IN Brief:
- The US has awarded JLWS agreements to Lockheed Martin Aculight and nLIGHT Defense.
- The agreements have an initial value of $86 million and a total programme ceiling of $847 million.
- The programme will develop containerised laser systems for UAS swarms and cruise missile defence.
Lockheed Martin Aculight and nLIGHT Defense have received Joint Laser Weapon System agreements to advance containerised high-energy lasers for cruise missile and uncrewed aerial system defence.
The awards have an initial value of $86 million and a total programme ceiling of $847 million. The work is being executed under the Scaled Directed Energy Critical Technology Area and is intended to move directed-energy systems from demonstration prototypes toward field-ready, production-oriented platforms.
The JLWS programme will begin with prototype systems rated at around 150 kW before scaling toward the 300–500 kW threshold needed for more robust cruise missile defence. A 500 kW integrated system will be developed in parallel using a laser source matured under the High Energy Laser Scaling Initiative.
The containerised architecture is central to the programme’s industrial logic. Instead of building a laser weapon around a single fixed platform, the US is pursuing systems that can be integrated across ground and naval applications with less structural redesign. That does not remove the difficulty of fielding high-energy lasers, but it changes the manufacturing and deployment model.
A 500 kW laser is not simply a larger counter-drone system. Higher output drives harder demands in thermal management, beam control, power conditioning, optics, atmospheric compensation, safety systems, and structural integration. Maintaining beam quality at this power level is as important as generating raw energy. If the beam cannot stay focused on a moving target long enough to produce a useful effect, power becomes an engineering figure rather than a weapon capability.

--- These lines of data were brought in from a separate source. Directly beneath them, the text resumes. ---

(* Consider the Group Lasso: $\mathbf X\in\mathbb R^{n\times p}$, coefficients partitioned into $G$ groups with fixed weights $w_g>0$, $\widehat{\boldsymbol\beta}=\arg\min_{\boldsymbol\beta}\tfrac12\|\mathbf y-\mathbf X\boldsymbol\beta\|_2^2+\gamma\sum_g w_g\|\boldsymbol\beta_g\|_2$, $\gamma\in(\gamma_l,\gamma_{l+1})$ for consecutive transition points, and $\widehat{df}_\gamma=\mathrm{trace}[(\mathbf I_n+\gamma\mathbf B)^{-1}\mathbf A]$ with $\mathbf A=\mathbf X_{\mathcal A_G}(\mathbf X_{\mathcal A_G}^\top\mathbf X_{\mathcal A_G})^{-1}\mathbf X_{\mathcal A_G}^\top$ and $\mathbf B=\mathbf X_{\mathcal A_G}(\mathbf X_{\mathcal A_G}^\top\mathbf X_{\mathcal A_G})^{-1}\boldsymbol\Pi_{\mathcal A_G}(\mathbf X_{\mathcal A_G}^\top\mathbf X_{\mathcal A_G})^{-1}\mathbf X_{\mathcal A_G}^\top$ (for $\mathbf X^\top\mathbf X=\mathbf I_p$ these reduce to $\mathbf X_{\mathcal A_G}\mathbf X_{\mathcal A_G}^\top$ and $\mathbf X_{\mathcal A_G}\boldsymbol\Pi_{\mathcal A_G}\mathbf X_{\mathcal A_G}^\top$). If every group has cardinality $n_g=1$, then $\widehat{df}_\gamma=|\mathcal A|$, the number of nonzero coefficients of $\widehat{\boldsymbol\beta}$.
   Context: $\boldsymbol\beta_g,\widehat{\boldsymbol\beta}_g\in\mathbb R^{n_g}$ are group subvectors; $\mathcal A_G=\{g:\|\widehat{\boldsymbol\beta}_g\|_2\ne0\}$ the active groups; $\mathcal A=\{j:\widehat\beta_j\ne0\}$; $\mathbf X_{\mathcal A_G}$ the columns of $\mathbf X$ in active groups, with invertible Gram matrix; $\boldsymbol\Pi_{\mathcal A_G}=\mathrm{blockdiag}_{g\in\mathcal A_G}\big(w_g[\mathbf I_{n_g}/\|\widehat{\boldsymbol\beta}_g\|_2-\widehat{\boldsymbol\beta}_g\widehat{\boldsymbol\beta}_g^\top/\|\widehat{\boldsymbol\beta}_g\|_2^3]\big)$. Transition points are the values of $\gamma>0$ at which the active set changes. *)

theory Defs
  imports "Jordan_Normal_Form.Gauss_Jordan_Elimination" "Jordan_Normal_Form.DL_Submatrix"
begin

(* Coefficient vectors are functions nat => real; only indices j < p matter.
   Groups: grp j \<in> {0..<G} is the group of coefficient j; group g = {j<p. grp j = g}. *)

definition rss :: "real mat \<Rightarrow> real vec \<Rightarrow> (nat \<Rightarrow> real) \<Rightarrow> real" where
  "rss X y b = (\<Sum>i<dim_row X. (y $ i - (X *\<^sub>v vec (dim_col X) b) $ i)^2)"

definition gnorm :: "nat \<Rightarrow> (nat \<Rightarrow> nat) \<Rightarrow> (nat \<Rightarrow> real) \<Rightarrow> nat \<Rightarrow> real" where
  "gnorm p grp b g = sqrt (\<Sum>j\<in>{j. j < p \<and> grp j = g}. (b j)^2)"

definition glasso_obj :: "real mat \<Rightarrow> real vec \<Rightarrow> (nat \<Rightarrow> nat) \<Rightarrow> nat \<Rightarrow> (nat \<Rightarrow> real)
    \<Rightarrow> real \<Rightarrow> (nat \<Rightarrow> real) \<Rightarrow> real" where
  "glasso_obj X y grp G w \<gamma> b =
     rss X y b / 2 + \<gamma> * (\<Sum>g<G. w g * gnorm (dim_col X) grp b g)"

definition is_glasso_sol where
  "is_glasso_sol X y grp G w \<gamma> b \<longleftrightarrow> (\<forall>b'. glasso_obj X y grp G w \<gamma> b \<le> glasso_obj X y grp G w \<gamma> b')"

definition active_groups :: "nat \<Rightarrow> (nat \<Rightarrow> nat) \<Rightarrow> nat \<Rightarrow> (nat \<Rightarrow> real) \<Rightarrow> nat set" where
  "active_groups p grp G b = {g. g < G \<and> gnorm p grp b g \<noteq> 0}"

definition active_cols :: "nat \<Rightarrow> (nat \<Rightarrow> nat) \<Rightarrow> nat \<Rightarrow> (nat \<Rightarrow> real) \<Rightarrow> nat set" where
  "active_cols p grp G b = {j. j < p \<and> grp j \<in> active_groups p grp G b}"

definition XA :: "real mat \<Rightarrow> (nat \<Rightarrow> nat) \<Rightarrow> nat \<Rightarrow> (nat \<Rightarrow> real) \<Rightarrow> real mat" where
  "XA X grp G b = submatrix X UNIV (active_cols (dim_col X) grp G b)"

(* Pi_{A_G}, indexed consistently with the columns of X_{A_G} (block diagonal up to this
   ordering of the active columns) *)
definition PiA :: "real mat \<Rightarrow> (nat \<Rightarrow> nat) \<Rightarrow> nat \<Rightarrow> (nat \<Rightarrow> real) \<Rightarrow> (nat \<Rightarrow> real) \<Rightarrow> real mat" where
  "PiA X grp G w b =
    (let p = dim_col X; S = active_cols p grp G b; k = card S in
     mat k k (\<lambda>(l, l'). let j = pick S l; j' = pick S l'; g = grp j; ng = gnorm p grp b g in
        if grp j' = g then w g * ((if l = l' then 1 else 0) / ng - b j * b j' / ng ^ 3) else 0))"

definition gram_inv :: "real mat \<Rightarrow> (nat \<Rightarrow> nat) \<Rightarrow> nat \<Rightarrow> (nat \<Rightarrow> real) \<Rightarrow> real mat" where
  "gram_inv X grp G b = the (mat_inverse (transpose_mat (XA X grp G b) * XA X grp G b))"

definition Amat :: "real mat \<Rightarrow> (nat \<Rightarrow> nat) \<Rightarrow> nat \<Rightarrow> (nat \<Rightarrow> real) \<Rightarrow> real mat" where
  "Amat X grp G b = XA X grp G b * gram_inv X grp G b * transpose_mat (XA X grp G b)"

definition Bmat :: "real mat \<Rightarrow> (nat \<Rightarrow> nat) \<Rightarrow> nat \<Rightarrow> (nat \<Rightarrow> real) \<Rightarrow> (nat \<Rightarrow> real) \<Rightarrow> real mat" where
  "Bmat X grp G w b = XA X grp G b * gram_inv X grp G b * PiA X grp G w b
                      * gram_inv X grp G b * transpose_mat (XA X grp G b)"

definition mat_trace :: "real mat \<Rightarrow> real" where
  "mat_trace M = (\<Sum>i<dim_row M. M $$ (i, i))"

definition df_hat :: "real mat \<Rightarrow> (nat \<Rightarrow> nat) \<Rightarrow> nat \<Rightarrow> (nat \<Rightarrow> real) \<Rightarrow> real \<Rightarrow> (nat \<Rightarrow> real) \<Rightarrow> real" where
  "df_hat X grp G w \<gamma> b =
     mat_trace (the (mat_inverse (1\<^sub>m (dim_row X) + \<gamma> \<cdot>\<^sub>m Bmat X grp G w b)) * Amat X grp G b)"

end

theory Submission
  imports Defs
begin

(* With singleton groups every diagonal block of PiA is the 1 x 1 matrix
   w_g (1/|b_j| - b_j^2/|b_j|^3) = 0, so B = 0 and df is the trace of the hat matrix
   A = X_A (X_A^T X_A)^-1 X_A^T.  By cyclicity of the trace this is the trace of the
   identity on the active columns, and with singleton groups the active columns are
   exactly the nonzero coefficients. *)

lemma mat_trace_mult_comm:
  fixes A B :: "real mat"
  assumes "A \<in> carrier_mat n k" "B \<in> carrier_mat k n"
  shows "mat_trace (A * B) = mat_trace (B * A)"
proof -
  have "mat_trace (A * B) = (\<Sum>i<n. \<Sum>j<k. A $$ (i, j) * B $$ (j, i))"
    using assms unfolding mat_trace_def
    by (auto simp: scalar_prod_def atLeast0LessThan intro!: sum.cong)
  also have "\<dots> = (\<Sum>j<k. \<Sum>i<n. B $$ (j, i) * A $$ (i, j))"
    by (subst sum.swap) (simp add: mult.commute)
  also have "\<dots> = mat_trace (B * A)"
    using assms unfolding mat_trace_def
    by (auto simp: scalar_prod_def atLeast0LessThan intro!: sum.cong)
  finally show ?thesis .
qed

lemma mat_trace_one [simp]: "mat_trace (1\<^sub>m k) = real k"
  unfolding mat_trace_def by simp

lemma mat_inverse_invertible:
  fixes M :: "'a :: field mat"
  assumes M: "M \<in> carrier_mat k k" and "invertible_mat M"
  obtains Mi where "mat_inverse M = Some Mi" "M * Mi = 1\<^sub>m k" "Mi * M = 1\<^sub>m k"
    "Mi \<in> carrier_mat k k"
proof -
  obtain B where B: "M * B = 1\<^sub>m k" "B * M = 1\<^sub>m (dim_row B)"
    using assms unfolding invertible_mat_def inverts_mat_def by auto
  have "B \<in> carrier_mat k k"
    using arg_cong[OF B(1), of dim_col] arg_cong[OF B(2), of dim_col] M by auto
  then have "M \<in> Units (ring_mat TYPE('a) k ())"
    using M B unfolding Units_def by (auto simp: ring_mat_simps)
  then obtain Mi where "mat_inverse M = Some Mi"
    using mat_inverse(1)[OF M, where b = "()"] by (cases "mat_inverse M") auto
  with mat_inverse(2)[OF M] that show ?thesis by blast
qed

lemma mat_inverse_one: "mat_inverse (1\<^sub>m n :: 'a :: field mat) = Some (1\<^sub>m n)"
proof -
  have "invertible_mat (1\<^sub>m n :: 'a mat)"
    unfolding invertible_mat_def inverts_mat_def by (auto intro!: exI[of _ "1\<^sub>m n"])
  then obtain C where "mat_inverse (1\<^sub>m n :: 'a mat) = Some C" "1\<^sub>m n * C = 1\<^sub>m n"
      "C \<in> carrier_mat n n"
    by (rule mat_inverse_invertible[OF one_carrier_mat])
  then show ?thesis by simp
qed

lemma mat_trace_hat_mat:
  fixes X :: "real mat"
  assumes X: "X \<in> carrier_mat n k" and "invertible_mat (X\<^sup>T * X)"
  shows "mat_trace (X * the (mat_inverse (X\<^sup>T * X)) * X\<^sup>T) = real k"
proof -
  have "X\<^sup>T * X \<in> carrier_mat k k" using X by simp
  then obtain Mi where Mi: "mat_inverse (X\<^sup>T * X) = Some Mi" "X\<^sup>T * X * Mi = 1\<^sub>m k"
      "Mi \<in> carrier_mat k k"
    using assms(2) by (rule mat_inverse_invertible)
  have "mat_trace (X * Mi * X\<^sup>T) = mat_trace (X\<^sup>T * (X * Mi))"
    using X Mi(3) by (intro mat_trace_mult_comm) auto
  also have "X\<^sup>T * (X * Mi) = X\<^sup>T * X * Mi"
    using X Mi(3) by simp
  also have "\<dots> = 1\<^sub>m k" by (rule Mi(2))
  finally show ?thesis unfolding Mi(1) by simp
qed

lemma inj_on_groups_if_singleton_groups:
  assumes "\<forall>j<p. grp j < G" and "\<forall>g<G. card {j. j < p \<and> grp j = g} = 1"
  shows "inj_on grp {..<p}"
proof (rule inj_onI)
  fix j j' assume j: "j \<in> {..<p}" "j' \<in> {..<p}" "grp j = grp j'"
  then have "card {i. i < p \<and> grp i = grp j} = 1" using assms by auto
  then obtain a where a: "{i. i < p \<and> grp i = grp j} = {a}" by (rule card_1_singletonE)
  have "j \<in> {i. i < p \<and> grp i = grp j}" "j' \<in> {i. i < p \<and> grp i = grp j}" using j by auto
  then show "j = j'" unfolding a by simp
qed

lemma gnorm_eq_abs_if_inj_on:
  assumes "inj_on grp {..<p}" and "j < p"
  shows "gnorm p grp b (grp j) = \<bar>b j\<bar>"
proof -
  have "{i. i < p \<and> grp i = grp j} = {j}"
    using assms by (auto simp: inj_on_eq_iff)
  then show ?thesis unfolding gnorm_def by simp
qed

lemma active_cols_eq_nonzero_if_inj_on:
  assumes "inj_on grp {..<p}" and "\<forall>j<p. grp j < G"
  shows "active_cols p grp G b = {j. j < p \<and> b j \<noteq> 0}"
  using assms unfolding active_cols_def active_groups_def by (auto simp: gnorm_eq_abs_if_inj_on)

abbreviation n_active_cols :: "real mat \<Rightarrow> (nat \<Rightarrow> nat) \<Rightarrow> nat \<Rightarrow> (nat \<Rightarrow> real) \<Rightarrow> nat" where
  "n_active_cols X grp G b \<equiv> card (active_cols (dim_col X) grp G b)"

lemma XA_carrier:
  "XA X grp G b \<in> carrier_mat (dim_row X) (n_active_cols X grp G b)"
proof -
  have "{j. j < dim_col X \<and> j \<in> active_cols (dim_col X) grp G b} = active_cols (dim_col X) grp G b"
    unfolding active_cols_def by blast
  then show ?thesis unfolding XA_def carrier_mat_def by (simp add: dim_submatrix)
qed

lemma PiA_carrier:
  "PiA X grp G w b \<in> carrier_mat (n_active_cols X grp G b) (n_active_cols X grp G b)"
  unfolding PiA_def Let_def by simp

lemma PiA_eq_0_if_inj_on:
  assumes inj: "inj_on grp {..<dim_col X}"
  shows "PiA X grp G w b = 0\<^sub>m (n_active_cols X grp G b) (n_active_cols X grp G b)"
proof (rule eq_matI)
  let ?S = "active_cols (dim_col X) grp G b" and ?k = "n_active_cols X grp G b"
  fix l l' assume l: "l < dim_row (0\<^sub>m ?k ?k)" "l' < dim_col (0\<^sub>m ?k ?k)"
  define j j' where "j = pick ?S l" and "j' = pick ?S l'"
  have j: "j \<in> ?S" "j' \<in> ?S" "card {a\<in>?S. a < j} = l" "card {a\<in>?S. a < j'} = l'"
    unfolding j_def j'_def using l by (auto intro: pick_in_set_le card_pick_le)
  have "j < dim_col X" using j(1) unfolding active_cols_def by simp
  then have "PiA X grp G w b $$ (l, l') = (if grp j' = grp j
      then w (grp j) * ((if l = l' then 1 else 0) / \<bar>b j\<bar> - b j * b j' / \<bar>b j\<bar> ^ 3) else 0)"
    using l unfolding PiA_def Let_def j_def j'_def by (simp add: gnorm_eq_abs_if_inj_on[OF inj])
  also have "\<dots> = 0"
  proof (cases "grp j' = grp j")
    case True
    then have "j' = j" using inj j(1,2) unfolding active_cols_def by (auto dest: inj_onD)
    moreover have "b j \<noteq> 0"
      using j(1) unfolding active_cols_def active_groups_def
      by (auto simp: gnorm_eq_abs_if_inj_on[OF inj])
    moreover have "l = l'" using j(3,4) \<open>j' = j\<close> by simp
    ultimately show ?thesis by (simp add: power3_eq_cube)
  qed simp
  also have "\<dots> = 0\<^sub>m ?k ?k $$ (l, l')" using l by simp
  finally show "PiA X grp G w b $$ (l, l') = 0\<^sub>m ?k ?k $$ (l, l')" .
qed (use PiA_carrier[of X grp G w b] in auto)

lemma gram_inv_carrier:
  assumes "invertible_mat ((XA X grp G b)\<^sup>T * XA X grp G b)"
  shows "gram_inv X grp G b \<in> carrier_mat (n_active_cols X grp G b) (n_active_cols X grp G b)"
proof -
  have "(XA X grp G b)\<^sup>T * XA X grp G b
      \<in> carrier_mat (n_active_cols X grp G b) (n_active_cols X grp G b)"
    using XA_carrier[of X grp G b] by simp
  then obtain Mi where "mat_inverse ((XA X grp G b)\<^sup>T * XA X grp G b) = Some Mi"
      "Mi \<in> carrier_mat (n_active_cols X grp G b) (n_active_cols X grp G b)"
    using assms by (rule mat_inverse_invertible)
  then show ?thesis by (simp add: gram_inv_def)
qed

lemma Bmat_eq_0_if_PiA_eq_0:
  fixes X :: "real mat"
  assumes "invertible_mat ((XA X grp G b)\<^sup>T * XA X grp G b)"
    and "PiA X grp G w b = 0\<^sub>m (n_active_cols X grp G b) (n_active_cols X grp G b)"
  shows "Bmat X grp G w b = 0\<^sub>m (dim_row X) (dim_row X)"
  using XA_carrier[of X grp G b] gram_inv_carrier[OF assms(1)] unfolding Bmat_def assms(2)
  by simp

lemma Amat_carrier: "Amat X grp G b \<in> carrier_mat (dim_row X) (dim_row X)"
  using XA_carrier[of X grp G b] unfolding Amat_def by auto

lemma df_hat_eq_mat_trace_Amat_if_Bmat_eq_0:
  assumes "Bmat X grp G w b = 0\<^sub>m (dim_row X) (dim_row X)"
  shows "df_hat X grp G w \<gamma> b = mat_trace (Amat X grp G b)"
  using Amat_carrier[of X grp G b] unfolding df_hat_def assms by (simp add: mat_inverse_one)

theorem corollaryS4:
  fixes X :: "real mat" and y :: "real vec" and n p G :: nat
    and grp :: "nat \<Rightarrow> nat" and w :: "nat \<Rightarrow> real"
    and bhat :: "real \<Rightarrow> nat \<Rightarrow> real" and \<gamma> \<gamma>l \<gamma>u :: real
  assumes "X \<in> carrier_mat n p" and "y \<in> carrier_vec n"
    and "\<forall>j<p. grp j < G"
    and "\<forall>g<G. w g > 0"
    and "0 \<le> \<gamma>l" and "\<gamma>l < \<gamma>" and "\<gamma> < \<gamma>u"
    and "\<forall>t\<in>{\<gamma>l<..<\<gamma>u}. is_glasso_sol X y grp G w t (bhat t)"
    and "\<forall>t\<in>{\<gamma>l<..<\<gamma>u}. active_groups p grp G (bhat t) = active_groups p grp G (bhat \<gamma>)"
    and "invertible_mat (transpose_mat (XA X grp G (bhat \<gamma>)) * XA X grp G (bhat \<gamma>))"
    and "\<forall>g<G. card {j. j < p \<and> grp j = g} = 1"
  shows "df_hat X grp G w \<gamma> (bhat \<gamma>) = real (card {j. j < p \<and> bhat \<gamma> j \<noteq> 0})"
proof -
  note gram_invertible = assms(10)
  have dims: "dim_row X = n" "dim_col X = p" using assms(1) by auto
  have inj: "inj_on grp {..<p}"
    using assms(3,11) by (rule inj_on_groups_if_singleton_groups)
  then have "PiA X grp G w (bhat \<gamma>)
      = 0\<^sub>m (n_active_cols X grp G (bhat \<gamma>)) (n_active_cols X grp G (bhat \<gamma>))"
    using dims by (intro PiA_eq_0_if_inj_on) simp
  then have "Bmat X grp G w (bhat \<gamma>) = 0\<^sub>m (dim_row X) (dim_row X)"
    by (rule Bmat_eq_0_if_PiA_eq_0[OF gram_invertible])
  then have "df_hat X grp G w \<gamma> (bhat \<gamma>) = mat_trace (Amat X grp G (bhat \<gamma>))"
    by (rule df_hat_eq_mat_trace_Amat_if_Bmat_eq_0)
  also have "\<dots> = real (n_active_cols X grp G (bhat \<gamma>))"
    using mat_trace_hat_mat[OF XA_carrier gram_invertible] unfolding Amat_def gram_inv_def .
  also have "active_cols (dim_col X) grp G (bhat \<gamma>) = {j. j < p \<and> bhat \<gamma> j \<noteq> 0}"
    unfolding dims using inj assms(3) by (rule active_cols_eq_nonzero_if_inj_on)
  finally show ?thesis .
qed

end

Lockheed has already worked on 300 kW and 500 kW-class laser technologies through HELSI, using spectral beam combining to support scalable directed-energy output. JLWS pushes that work toward a more operational form, with cruise missile defence and large UAS volumes at the centre of the requirement.
The manufacturing question is now difficult to avoid. Directed-energy weapons have spent years moving through laboratory demonstrations, naval trials, and short-range counter-drone applications. The US requirement is shifting toward systems that can be produced, integrated, tested, transported, maintained, and upgraded as part of an air-defence architecture. Suppliers need to build more than a laser source; they need the entire weapon system around it.
Britain’s work around Skyhammer and DragonFire sits in the same industrial context. Lasers attract attention because they offer speed-of-light engagement, deep magazines, and lower marginal cost per shot compared with missiles. The production reality is less tidy. High-energy laser systems require reliable power, cooling, optics, sensors, software, and maintainers, and they must operate through real weather, dust, turbulence, and battlefield disruption.
The JLWS programme also connects directly to the layered counter-drone market. Recent integration work around Airbus and Alta Ares has shown how detection, tracking, identification, electronic attack, kinetic defeat, and directed energy are being pulled into combined architectures. A high-power laser will not replace every interceptor, but it could reduce pressure on missile stockpiles if it can defeat enough targets at a lower cost per engagement.
Cruise missile defence is a harder requirement than small drone defeat. Cruise missiles are faster, more robust, and tactically more demanding targets. Engaging them with a laser means finding, tracking, and holding energy on the right point of the target under severe time constraints. That places equal weight on sensors, fire-control software, beam directors, and command integration.
The containerised model points to a need for theatre flexibility. A system that can be moved between bases, ships, or deployed sites has obvious appeal, especially where fixed infrastructure is vulnerable or where combatant commands need to build temporary layered defence. Containerisation also imposes limits. Power, cooling, maintenance access, and structural rigidity must fit inside a modular footprint.
For suppliers, the award marks a transition from experimental prestige to industrial accountability. Customers will expect reliability, maintainability, safety certification, spare parts, upgrade roadmaps, and training. A high-energy laser that works under controlled conditions is no longer enough.
JLWS is an air-defence programme, a directed-energy programme, and a manufacturing test. It asks whether the US industrial base can turn very high-power lasers into deployable systems rather than bespoke prototypes. If it succeeds, missile defence architectures gain another layer. If it stalls, directed energy will remain an impressive technology waiting for the factory discipline that makes weapons useful.